[Stored data]
====
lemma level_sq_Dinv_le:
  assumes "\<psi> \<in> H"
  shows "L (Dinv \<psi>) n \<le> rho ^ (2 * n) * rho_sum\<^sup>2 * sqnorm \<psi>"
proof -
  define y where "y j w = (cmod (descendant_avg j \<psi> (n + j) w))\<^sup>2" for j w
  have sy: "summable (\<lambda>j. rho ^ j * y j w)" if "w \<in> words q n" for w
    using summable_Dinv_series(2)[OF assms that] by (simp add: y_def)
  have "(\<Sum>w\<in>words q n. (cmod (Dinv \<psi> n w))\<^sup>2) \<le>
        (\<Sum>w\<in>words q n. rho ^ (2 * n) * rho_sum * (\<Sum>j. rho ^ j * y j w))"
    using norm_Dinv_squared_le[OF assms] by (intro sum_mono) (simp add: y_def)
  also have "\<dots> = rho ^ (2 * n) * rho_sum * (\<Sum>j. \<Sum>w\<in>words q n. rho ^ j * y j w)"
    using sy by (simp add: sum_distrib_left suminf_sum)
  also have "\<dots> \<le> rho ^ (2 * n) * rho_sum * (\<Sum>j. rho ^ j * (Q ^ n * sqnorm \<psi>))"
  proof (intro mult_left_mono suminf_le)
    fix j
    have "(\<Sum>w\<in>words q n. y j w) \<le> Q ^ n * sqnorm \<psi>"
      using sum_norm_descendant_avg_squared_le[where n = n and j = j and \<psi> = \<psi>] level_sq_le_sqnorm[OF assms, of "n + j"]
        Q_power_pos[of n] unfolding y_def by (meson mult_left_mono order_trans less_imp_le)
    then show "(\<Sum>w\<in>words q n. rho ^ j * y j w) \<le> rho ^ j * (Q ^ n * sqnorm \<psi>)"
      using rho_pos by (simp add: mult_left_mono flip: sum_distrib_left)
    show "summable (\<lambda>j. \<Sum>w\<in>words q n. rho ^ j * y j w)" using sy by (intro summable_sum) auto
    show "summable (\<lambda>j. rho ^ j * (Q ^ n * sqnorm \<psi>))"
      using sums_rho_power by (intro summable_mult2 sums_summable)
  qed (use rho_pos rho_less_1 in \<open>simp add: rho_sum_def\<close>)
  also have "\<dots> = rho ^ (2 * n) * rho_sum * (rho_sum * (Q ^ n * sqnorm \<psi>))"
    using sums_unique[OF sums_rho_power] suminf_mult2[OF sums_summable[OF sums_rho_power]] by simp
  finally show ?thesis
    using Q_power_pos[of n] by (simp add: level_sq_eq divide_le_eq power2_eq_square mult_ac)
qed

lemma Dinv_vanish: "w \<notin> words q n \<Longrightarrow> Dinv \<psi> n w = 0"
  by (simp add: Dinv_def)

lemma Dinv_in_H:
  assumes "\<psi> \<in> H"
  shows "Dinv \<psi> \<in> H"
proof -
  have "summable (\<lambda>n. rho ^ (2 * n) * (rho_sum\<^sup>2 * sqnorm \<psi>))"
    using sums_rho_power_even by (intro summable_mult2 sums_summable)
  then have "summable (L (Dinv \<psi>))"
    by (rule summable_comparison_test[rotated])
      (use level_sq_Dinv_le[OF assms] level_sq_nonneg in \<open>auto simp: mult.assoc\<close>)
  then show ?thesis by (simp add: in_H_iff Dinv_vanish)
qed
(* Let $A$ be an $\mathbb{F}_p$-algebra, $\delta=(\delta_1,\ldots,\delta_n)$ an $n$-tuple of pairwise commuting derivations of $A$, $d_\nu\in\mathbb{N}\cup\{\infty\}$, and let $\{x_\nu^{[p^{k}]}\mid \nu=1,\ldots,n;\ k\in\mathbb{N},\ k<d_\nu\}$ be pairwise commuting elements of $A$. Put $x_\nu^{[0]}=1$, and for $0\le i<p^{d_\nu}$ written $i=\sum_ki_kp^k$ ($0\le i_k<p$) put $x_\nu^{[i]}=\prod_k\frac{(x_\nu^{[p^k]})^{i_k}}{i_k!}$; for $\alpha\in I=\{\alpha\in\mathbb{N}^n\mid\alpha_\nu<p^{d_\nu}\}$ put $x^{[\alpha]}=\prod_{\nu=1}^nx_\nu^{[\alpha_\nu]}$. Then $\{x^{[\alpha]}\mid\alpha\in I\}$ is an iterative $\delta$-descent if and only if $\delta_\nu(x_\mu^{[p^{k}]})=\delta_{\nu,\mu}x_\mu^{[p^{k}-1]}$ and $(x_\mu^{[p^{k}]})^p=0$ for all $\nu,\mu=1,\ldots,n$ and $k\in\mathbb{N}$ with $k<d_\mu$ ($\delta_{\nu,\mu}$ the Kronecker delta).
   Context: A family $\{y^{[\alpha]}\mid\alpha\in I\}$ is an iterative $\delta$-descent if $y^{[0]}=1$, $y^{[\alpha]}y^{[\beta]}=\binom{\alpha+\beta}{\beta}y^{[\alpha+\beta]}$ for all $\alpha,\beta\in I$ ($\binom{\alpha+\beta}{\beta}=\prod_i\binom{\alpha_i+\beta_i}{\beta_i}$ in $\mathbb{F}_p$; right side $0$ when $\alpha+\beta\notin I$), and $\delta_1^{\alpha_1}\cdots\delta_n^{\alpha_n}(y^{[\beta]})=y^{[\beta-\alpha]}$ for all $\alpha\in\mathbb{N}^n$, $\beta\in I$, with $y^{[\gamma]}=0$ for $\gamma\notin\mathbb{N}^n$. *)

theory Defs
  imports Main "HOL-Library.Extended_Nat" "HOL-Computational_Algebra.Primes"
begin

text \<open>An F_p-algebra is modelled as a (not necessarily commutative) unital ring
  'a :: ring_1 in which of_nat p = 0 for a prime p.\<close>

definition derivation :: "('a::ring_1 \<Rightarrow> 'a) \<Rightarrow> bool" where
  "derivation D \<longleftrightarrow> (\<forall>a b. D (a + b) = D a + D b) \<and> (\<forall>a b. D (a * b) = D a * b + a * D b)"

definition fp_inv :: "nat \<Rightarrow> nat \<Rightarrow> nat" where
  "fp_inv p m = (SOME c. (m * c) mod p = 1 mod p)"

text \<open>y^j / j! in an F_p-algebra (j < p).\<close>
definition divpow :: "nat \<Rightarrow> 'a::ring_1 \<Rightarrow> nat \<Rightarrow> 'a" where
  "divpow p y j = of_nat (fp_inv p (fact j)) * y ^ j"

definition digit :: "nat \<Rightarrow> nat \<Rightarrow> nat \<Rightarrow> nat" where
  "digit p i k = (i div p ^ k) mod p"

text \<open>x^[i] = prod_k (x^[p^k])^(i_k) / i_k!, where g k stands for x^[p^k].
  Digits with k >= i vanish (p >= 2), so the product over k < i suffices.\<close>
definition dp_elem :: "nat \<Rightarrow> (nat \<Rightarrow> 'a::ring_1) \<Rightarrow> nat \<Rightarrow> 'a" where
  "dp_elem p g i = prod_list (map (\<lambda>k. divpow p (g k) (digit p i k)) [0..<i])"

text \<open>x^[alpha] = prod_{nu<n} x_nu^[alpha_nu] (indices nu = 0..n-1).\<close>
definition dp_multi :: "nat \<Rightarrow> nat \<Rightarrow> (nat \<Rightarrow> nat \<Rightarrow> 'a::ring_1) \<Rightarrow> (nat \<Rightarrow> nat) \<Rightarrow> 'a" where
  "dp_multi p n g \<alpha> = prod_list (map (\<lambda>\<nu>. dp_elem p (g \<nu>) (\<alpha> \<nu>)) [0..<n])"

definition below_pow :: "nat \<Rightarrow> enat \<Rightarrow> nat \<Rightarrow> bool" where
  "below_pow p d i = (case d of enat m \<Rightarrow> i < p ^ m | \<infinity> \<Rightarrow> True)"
====
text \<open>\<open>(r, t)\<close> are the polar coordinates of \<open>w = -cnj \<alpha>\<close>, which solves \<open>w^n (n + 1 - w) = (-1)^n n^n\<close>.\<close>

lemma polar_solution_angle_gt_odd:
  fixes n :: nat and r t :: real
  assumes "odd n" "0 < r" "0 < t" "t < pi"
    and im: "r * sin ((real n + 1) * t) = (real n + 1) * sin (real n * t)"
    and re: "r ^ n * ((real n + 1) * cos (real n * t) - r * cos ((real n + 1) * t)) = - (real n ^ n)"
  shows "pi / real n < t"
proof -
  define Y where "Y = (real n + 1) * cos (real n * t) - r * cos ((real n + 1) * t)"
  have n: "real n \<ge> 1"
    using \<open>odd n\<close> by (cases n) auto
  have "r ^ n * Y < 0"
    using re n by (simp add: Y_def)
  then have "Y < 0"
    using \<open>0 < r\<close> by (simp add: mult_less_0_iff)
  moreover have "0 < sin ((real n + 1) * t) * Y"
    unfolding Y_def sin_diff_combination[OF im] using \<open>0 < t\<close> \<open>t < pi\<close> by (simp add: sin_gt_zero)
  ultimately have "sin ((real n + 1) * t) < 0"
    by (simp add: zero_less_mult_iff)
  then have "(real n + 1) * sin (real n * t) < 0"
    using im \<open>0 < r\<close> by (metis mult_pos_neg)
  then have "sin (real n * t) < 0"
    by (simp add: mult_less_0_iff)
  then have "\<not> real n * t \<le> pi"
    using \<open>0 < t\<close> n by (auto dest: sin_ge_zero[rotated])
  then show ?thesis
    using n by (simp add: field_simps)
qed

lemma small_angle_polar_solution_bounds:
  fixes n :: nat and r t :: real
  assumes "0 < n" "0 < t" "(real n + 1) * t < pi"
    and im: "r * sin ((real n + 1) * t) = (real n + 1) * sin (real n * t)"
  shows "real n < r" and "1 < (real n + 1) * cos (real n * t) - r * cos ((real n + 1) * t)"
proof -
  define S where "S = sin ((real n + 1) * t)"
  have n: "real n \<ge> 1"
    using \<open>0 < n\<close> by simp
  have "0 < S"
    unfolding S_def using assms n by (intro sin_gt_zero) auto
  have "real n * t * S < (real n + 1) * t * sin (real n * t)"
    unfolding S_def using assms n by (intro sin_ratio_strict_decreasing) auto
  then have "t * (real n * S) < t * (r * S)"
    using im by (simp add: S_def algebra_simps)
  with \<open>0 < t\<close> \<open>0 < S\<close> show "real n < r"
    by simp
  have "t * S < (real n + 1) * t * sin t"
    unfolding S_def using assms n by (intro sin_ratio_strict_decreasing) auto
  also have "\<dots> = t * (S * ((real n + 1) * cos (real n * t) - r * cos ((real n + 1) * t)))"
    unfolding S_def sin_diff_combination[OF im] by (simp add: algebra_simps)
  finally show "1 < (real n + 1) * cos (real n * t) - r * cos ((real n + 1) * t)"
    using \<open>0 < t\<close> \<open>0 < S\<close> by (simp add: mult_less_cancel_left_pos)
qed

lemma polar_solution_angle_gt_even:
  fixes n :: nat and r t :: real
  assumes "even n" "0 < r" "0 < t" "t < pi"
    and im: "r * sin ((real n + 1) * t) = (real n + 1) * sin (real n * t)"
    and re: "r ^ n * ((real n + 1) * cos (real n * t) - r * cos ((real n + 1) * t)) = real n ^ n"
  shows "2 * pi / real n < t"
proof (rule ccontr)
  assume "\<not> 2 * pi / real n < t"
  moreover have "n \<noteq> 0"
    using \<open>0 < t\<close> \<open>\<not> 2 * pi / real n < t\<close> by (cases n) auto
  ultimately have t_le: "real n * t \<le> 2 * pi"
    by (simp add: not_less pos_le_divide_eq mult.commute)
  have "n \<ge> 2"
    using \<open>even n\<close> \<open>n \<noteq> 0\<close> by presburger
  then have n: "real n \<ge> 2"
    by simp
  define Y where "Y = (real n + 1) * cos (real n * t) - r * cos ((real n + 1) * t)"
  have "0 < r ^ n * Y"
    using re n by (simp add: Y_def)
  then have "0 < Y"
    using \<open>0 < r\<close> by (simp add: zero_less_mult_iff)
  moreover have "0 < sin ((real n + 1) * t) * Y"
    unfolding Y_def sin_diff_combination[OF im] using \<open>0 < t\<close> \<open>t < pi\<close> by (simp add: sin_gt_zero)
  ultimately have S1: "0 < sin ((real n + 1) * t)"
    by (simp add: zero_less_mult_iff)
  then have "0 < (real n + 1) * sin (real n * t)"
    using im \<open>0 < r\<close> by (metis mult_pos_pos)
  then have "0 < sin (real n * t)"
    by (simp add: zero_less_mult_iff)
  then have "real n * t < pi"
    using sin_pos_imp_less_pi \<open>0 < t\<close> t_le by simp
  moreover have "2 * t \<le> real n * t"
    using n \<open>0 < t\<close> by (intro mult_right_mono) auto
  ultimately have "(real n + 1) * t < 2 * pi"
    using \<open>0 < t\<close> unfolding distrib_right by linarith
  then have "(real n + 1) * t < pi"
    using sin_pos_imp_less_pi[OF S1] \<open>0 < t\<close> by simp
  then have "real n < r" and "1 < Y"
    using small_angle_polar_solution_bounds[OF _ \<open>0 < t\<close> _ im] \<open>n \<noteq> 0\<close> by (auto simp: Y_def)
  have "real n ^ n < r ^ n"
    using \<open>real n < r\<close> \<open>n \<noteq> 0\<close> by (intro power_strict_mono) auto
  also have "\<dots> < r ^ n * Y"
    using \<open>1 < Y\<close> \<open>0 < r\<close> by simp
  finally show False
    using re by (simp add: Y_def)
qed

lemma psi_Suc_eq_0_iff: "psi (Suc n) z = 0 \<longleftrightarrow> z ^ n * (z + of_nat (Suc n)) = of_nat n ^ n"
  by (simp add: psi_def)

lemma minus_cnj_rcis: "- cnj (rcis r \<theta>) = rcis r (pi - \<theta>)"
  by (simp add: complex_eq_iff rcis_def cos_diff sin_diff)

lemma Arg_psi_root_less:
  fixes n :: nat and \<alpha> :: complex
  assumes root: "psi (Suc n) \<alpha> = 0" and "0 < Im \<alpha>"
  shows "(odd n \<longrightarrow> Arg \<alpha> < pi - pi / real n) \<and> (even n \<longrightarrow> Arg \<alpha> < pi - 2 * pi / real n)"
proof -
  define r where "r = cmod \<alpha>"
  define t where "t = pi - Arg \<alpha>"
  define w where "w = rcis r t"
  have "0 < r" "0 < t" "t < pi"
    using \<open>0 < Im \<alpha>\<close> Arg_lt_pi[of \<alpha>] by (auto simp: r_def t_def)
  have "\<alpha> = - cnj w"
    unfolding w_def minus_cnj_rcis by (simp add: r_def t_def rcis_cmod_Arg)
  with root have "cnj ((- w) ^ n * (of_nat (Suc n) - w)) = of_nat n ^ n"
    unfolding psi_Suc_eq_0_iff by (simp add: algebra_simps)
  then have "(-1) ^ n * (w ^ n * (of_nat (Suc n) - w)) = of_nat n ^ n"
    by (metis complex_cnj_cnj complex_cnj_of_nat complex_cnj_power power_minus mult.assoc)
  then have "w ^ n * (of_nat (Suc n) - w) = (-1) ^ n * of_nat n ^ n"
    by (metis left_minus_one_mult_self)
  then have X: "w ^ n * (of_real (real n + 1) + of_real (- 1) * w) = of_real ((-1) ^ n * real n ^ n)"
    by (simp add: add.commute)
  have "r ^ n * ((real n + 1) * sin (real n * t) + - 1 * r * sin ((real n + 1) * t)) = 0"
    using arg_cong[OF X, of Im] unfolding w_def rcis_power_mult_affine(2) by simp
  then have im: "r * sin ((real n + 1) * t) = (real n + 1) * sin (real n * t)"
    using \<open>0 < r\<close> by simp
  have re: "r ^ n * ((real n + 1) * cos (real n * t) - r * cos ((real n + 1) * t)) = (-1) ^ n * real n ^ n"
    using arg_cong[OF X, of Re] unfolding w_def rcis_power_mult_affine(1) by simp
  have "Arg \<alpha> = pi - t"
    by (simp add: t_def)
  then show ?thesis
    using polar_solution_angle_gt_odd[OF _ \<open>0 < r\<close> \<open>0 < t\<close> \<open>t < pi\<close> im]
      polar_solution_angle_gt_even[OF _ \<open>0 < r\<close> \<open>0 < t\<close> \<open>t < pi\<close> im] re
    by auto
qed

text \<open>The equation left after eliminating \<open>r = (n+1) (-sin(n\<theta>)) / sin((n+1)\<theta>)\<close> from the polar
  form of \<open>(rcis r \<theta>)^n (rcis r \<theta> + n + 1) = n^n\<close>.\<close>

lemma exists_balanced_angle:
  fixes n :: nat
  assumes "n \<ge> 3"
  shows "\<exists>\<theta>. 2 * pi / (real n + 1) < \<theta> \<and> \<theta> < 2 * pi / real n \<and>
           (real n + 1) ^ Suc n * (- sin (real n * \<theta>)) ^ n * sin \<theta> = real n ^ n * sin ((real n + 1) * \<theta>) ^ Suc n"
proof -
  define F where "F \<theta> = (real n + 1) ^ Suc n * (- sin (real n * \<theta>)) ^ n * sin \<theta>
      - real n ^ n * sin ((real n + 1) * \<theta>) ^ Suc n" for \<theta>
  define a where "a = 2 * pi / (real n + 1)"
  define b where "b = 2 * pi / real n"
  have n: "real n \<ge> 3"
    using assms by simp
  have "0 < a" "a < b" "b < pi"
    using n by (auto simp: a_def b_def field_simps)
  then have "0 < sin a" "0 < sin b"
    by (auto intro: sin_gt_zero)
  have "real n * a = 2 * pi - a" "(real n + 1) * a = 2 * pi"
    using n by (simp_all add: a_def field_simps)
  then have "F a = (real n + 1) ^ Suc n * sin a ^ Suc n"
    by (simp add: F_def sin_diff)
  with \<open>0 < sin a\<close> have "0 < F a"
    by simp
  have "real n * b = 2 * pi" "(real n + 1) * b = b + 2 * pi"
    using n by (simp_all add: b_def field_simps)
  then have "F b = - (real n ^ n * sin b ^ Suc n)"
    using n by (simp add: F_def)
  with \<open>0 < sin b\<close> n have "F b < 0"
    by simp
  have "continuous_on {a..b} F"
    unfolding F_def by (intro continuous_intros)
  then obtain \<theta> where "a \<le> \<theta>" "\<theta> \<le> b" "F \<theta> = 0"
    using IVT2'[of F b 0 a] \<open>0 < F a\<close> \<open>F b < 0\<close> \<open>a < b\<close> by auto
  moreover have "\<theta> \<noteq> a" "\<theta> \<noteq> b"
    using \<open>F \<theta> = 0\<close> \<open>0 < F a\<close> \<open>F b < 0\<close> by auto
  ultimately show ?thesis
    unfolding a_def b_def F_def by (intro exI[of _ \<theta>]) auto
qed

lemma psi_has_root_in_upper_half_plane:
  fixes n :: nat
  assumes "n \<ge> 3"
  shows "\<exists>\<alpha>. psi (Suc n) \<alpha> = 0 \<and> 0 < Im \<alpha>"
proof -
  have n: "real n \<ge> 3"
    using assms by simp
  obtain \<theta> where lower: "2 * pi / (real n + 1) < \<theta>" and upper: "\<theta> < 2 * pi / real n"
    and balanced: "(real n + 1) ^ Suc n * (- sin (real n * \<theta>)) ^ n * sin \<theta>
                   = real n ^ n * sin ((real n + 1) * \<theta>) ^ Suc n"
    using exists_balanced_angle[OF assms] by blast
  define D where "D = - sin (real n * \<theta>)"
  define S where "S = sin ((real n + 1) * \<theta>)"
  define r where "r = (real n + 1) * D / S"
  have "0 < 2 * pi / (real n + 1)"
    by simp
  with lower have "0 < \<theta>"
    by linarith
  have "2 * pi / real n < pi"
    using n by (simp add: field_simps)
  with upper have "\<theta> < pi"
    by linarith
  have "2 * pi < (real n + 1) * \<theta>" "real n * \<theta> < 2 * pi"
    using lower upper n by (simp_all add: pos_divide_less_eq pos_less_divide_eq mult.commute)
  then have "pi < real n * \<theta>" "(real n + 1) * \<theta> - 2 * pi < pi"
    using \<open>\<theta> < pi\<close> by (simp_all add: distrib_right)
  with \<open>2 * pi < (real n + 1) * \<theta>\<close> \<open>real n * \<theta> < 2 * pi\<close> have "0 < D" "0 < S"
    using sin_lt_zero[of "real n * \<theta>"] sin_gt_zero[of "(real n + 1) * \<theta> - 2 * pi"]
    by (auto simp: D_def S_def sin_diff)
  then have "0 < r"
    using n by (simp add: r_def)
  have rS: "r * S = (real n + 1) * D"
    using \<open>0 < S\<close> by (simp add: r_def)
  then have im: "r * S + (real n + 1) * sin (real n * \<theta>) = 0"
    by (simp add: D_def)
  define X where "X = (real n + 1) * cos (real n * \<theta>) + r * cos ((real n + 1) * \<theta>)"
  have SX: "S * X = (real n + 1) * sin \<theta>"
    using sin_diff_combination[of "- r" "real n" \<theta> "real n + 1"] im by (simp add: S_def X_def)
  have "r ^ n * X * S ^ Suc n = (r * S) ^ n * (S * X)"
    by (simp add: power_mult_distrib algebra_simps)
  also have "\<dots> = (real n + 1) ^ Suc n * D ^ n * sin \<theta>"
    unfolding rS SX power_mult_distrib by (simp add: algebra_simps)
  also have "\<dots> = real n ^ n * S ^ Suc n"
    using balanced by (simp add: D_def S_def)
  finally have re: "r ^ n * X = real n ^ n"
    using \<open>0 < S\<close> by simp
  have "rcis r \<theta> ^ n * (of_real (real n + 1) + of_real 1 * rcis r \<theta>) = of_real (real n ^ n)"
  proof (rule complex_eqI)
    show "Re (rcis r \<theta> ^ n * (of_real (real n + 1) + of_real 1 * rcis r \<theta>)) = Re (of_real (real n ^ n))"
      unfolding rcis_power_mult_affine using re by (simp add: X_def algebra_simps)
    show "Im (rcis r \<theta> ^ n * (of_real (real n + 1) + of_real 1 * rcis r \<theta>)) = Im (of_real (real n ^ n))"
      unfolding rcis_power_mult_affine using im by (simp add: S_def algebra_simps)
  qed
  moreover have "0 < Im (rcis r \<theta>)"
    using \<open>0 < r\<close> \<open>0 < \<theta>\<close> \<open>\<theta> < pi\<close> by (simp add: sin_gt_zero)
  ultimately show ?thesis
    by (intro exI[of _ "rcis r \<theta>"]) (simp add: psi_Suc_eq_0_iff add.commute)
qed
====
* **Aim of the exercise**
Send back an exact copy of only the lines from the line with "cnj (rcis r" up to and including the line with "using \<open>0 < r\<close> by simp" in the data above.

* **Output of the exercise**
lemma minus_cnj_rcis: "- cnj (rcis r \<theta>) = rcis r (pi - \<theta>)"
  by (simp add: complex_eq_iff rcis_def cos_diff sin_diff)

lemma Arg_psi_root_less:
  fixes n :: nat and \<alpha> :: complex
  assumes root: "psi (Suc n) \<alpha> = 0" and "0 < Im \<alpha>"
  shows "(odd n \<longrightarrow> Arg \<alpha> < pi - pi / real n) \<and> (even n \<longrightarrow> Arg \<alpha> < pi - 2 * pi / real n)"
proof -
  define r where "r = cmod \<alpha>"
  define t where "t = pi - Arg \<alpha>"
  define w where "w = rcis r t"
  have "0 < r" "0 < t" "t < pi"
    using \<open>0 < Im \<alpha>\<close> Arg_lt_pi[of \<alpha>] by (auto simp: r_def t_def)
  have "\<alpha> = - cnj w"
    unfolding w_def minus_cnj_rcis by (simp add: r_def t_def rcis_cmod_Arg)
  with root have "cnj ((- w) ^ n * (of_nat (Suc n) - w)) = of_nat n ^ n"
    unfolding psi_Suc_eq_0_iff by (simp add: algebra_simps)
  then have "(-1) ^ n * (w ^ n * (of_nat (Suc n) - w)) = of_nat n ^ n"
    by (metis complex_cnj_cnj complex_cnj_of_nat complex_cnj_power power_minus mult.assoc)
  then have "w ^ n * (of_nat (Suc n) - w) = (-1) ^ n * of_nat n ^ n"
    by (metis left_minus_one_mult_self)
  then have X: "w ^ n * (of_real (real n + 1) + of_real (- 1) * w) = of_real ((-1) ^ n * real n ^ n)"
    by (simp add: add.commute)
  have "r ^ n * ((real n + 1) * sin (real n * t) + - 1 * r * sin ((real n + 1) * t)) = 0"
    using arg_cong[OF X, of Im] unfolding w_def rcis_power_mult_affine(2) by simp
  then have im: "r * sin ((real n + 1) * t) = (real n + 1) * sin (real n * t)"
    using \<open>0 < r\<close> by simp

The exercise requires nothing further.